Items from a data source
######
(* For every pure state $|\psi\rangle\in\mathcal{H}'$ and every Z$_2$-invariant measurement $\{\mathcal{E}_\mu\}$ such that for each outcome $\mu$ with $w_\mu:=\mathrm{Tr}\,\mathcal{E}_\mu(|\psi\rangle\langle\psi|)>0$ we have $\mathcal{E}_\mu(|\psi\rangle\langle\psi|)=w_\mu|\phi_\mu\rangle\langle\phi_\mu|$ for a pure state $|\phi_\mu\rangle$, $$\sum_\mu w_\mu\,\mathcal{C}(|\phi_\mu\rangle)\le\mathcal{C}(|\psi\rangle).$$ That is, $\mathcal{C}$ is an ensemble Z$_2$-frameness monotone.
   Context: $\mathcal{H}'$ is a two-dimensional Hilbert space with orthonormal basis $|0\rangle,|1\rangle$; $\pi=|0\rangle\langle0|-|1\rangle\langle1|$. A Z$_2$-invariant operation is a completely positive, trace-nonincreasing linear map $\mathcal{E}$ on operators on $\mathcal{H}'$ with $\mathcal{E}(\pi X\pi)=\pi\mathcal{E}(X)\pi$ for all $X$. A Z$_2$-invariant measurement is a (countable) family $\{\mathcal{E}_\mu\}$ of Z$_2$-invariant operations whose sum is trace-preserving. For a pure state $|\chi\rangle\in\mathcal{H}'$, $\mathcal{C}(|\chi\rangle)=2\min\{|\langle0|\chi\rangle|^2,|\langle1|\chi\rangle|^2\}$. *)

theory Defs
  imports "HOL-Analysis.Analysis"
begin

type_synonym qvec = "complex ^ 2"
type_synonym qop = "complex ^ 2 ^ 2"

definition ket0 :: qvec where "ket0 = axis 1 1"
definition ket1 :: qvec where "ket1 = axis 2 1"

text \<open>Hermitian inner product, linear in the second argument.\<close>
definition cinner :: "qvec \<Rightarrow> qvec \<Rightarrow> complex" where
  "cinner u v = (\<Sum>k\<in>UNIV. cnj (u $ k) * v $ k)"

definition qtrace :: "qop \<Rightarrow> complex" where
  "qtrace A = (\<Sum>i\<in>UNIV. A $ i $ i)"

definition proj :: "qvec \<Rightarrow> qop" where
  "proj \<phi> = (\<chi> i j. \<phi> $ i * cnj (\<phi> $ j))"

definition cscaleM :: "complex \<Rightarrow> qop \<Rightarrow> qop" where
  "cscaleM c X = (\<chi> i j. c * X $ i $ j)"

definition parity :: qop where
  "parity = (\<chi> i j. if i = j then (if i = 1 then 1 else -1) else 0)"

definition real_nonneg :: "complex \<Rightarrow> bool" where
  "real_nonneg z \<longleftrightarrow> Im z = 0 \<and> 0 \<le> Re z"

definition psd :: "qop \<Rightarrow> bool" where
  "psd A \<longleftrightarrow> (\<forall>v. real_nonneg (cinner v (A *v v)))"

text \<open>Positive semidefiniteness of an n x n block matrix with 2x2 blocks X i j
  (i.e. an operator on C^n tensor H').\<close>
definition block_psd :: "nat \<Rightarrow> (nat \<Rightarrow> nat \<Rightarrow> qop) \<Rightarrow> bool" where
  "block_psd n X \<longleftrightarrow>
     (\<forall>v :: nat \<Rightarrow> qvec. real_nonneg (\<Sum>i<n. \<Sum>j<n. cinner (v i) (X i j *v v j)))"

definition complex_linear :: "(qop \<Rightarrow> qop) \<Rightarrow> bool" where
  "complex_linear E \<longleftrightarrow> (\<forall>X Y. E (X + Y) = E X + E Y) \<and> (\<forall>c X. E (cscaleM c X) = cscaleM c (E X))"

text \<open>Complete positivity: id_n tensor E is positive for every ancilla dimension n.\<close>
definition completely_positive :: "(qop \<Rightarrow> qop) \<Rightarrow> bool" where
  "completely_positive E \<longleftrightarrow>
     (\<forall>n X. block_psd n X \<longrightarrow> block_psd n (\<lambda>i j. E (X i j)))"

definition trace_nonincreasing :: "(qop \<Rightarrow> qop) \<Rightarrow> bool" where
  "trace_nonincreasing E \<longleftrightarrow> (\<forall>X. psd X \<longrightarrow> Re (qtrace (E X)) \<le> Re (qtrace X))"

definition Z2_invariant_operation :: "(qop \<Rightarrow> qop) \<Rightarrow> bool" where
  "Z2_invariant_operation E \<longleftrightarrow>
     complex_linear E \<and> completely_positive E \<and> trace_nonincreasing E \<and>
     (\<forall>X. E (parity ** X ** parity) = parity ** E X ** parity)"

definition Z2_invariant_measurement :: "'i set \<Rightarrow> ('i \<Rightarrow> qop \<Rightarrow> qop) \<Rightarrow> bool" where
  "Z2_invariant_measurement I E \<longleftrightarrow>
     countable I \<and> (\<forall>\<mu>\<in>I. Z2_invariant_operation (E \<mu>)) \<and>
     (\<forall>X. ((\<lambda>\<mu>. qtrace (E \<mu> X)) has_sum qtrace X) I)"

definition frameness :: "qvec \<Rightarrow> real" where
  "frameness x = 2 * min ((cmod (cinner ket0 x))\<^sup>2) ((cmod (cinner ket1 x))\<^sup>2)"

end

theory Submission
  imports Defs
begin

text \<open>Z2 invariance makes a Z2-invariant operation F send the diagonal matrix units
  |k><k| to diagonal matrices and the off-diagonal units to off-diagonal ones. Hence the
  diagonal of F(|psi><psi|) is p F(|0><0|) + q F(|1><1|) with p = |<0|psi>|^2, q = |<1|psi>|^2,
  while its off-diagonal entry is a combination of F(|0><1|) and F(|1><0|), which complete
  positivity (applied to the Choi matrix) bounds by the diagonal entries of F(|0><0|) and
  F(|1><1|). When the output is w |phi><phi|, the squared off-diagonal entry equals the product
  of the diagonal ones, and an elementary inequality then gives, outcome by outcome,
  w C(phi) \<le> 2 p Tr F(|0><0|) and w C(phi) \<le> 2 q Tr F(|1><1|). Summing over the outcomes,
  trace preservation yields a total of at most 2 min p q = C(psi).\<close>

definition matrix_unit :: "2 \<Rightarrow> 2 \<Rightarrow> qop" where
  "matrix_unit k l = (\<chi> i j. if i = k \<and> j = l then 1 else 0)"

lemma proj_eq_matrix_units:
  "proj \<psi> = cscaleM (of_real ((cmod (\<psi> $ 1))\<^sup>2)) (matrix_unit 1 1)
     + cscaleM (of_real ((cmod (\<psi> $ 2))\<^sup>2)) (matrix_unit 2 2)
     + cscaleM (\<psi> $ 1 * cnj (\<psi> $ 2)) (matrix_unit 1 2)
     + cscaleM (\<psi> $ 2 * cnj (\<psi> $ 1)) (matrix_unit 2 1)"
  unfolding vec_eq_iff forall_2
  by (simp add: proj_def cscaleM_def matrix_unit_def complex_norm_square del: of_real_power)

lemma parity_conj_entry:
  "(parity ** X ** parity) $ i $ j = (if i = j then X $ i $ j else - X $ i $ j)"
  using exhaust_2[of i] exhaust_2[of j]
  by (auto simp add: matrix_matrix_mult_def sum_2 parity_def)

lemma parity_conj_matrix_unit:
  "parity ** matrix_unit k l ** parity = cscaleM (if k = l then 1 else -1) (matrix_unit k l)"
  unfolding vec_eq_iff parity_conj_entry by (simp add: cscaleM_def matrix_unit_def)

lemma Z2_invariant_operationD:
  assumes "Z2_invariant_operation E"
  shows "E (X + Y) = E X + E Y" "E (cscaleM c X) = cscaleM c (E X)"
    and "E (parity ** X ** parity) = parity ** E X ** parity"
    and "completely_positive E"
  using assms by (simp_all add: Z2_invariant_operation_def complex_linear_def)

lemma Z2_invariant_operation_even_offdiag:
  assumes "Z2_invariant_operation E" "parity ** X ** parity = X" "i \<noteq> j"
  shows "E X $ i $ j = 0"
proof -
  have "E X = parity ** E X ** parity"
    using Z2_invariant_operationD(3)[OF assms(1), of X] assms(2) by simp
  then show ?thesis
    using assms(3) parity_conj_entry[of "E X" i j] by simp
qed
######
→ What you have to do
How many lines above contain the word "qtrace"? Reply with only the number.

→ Response box
4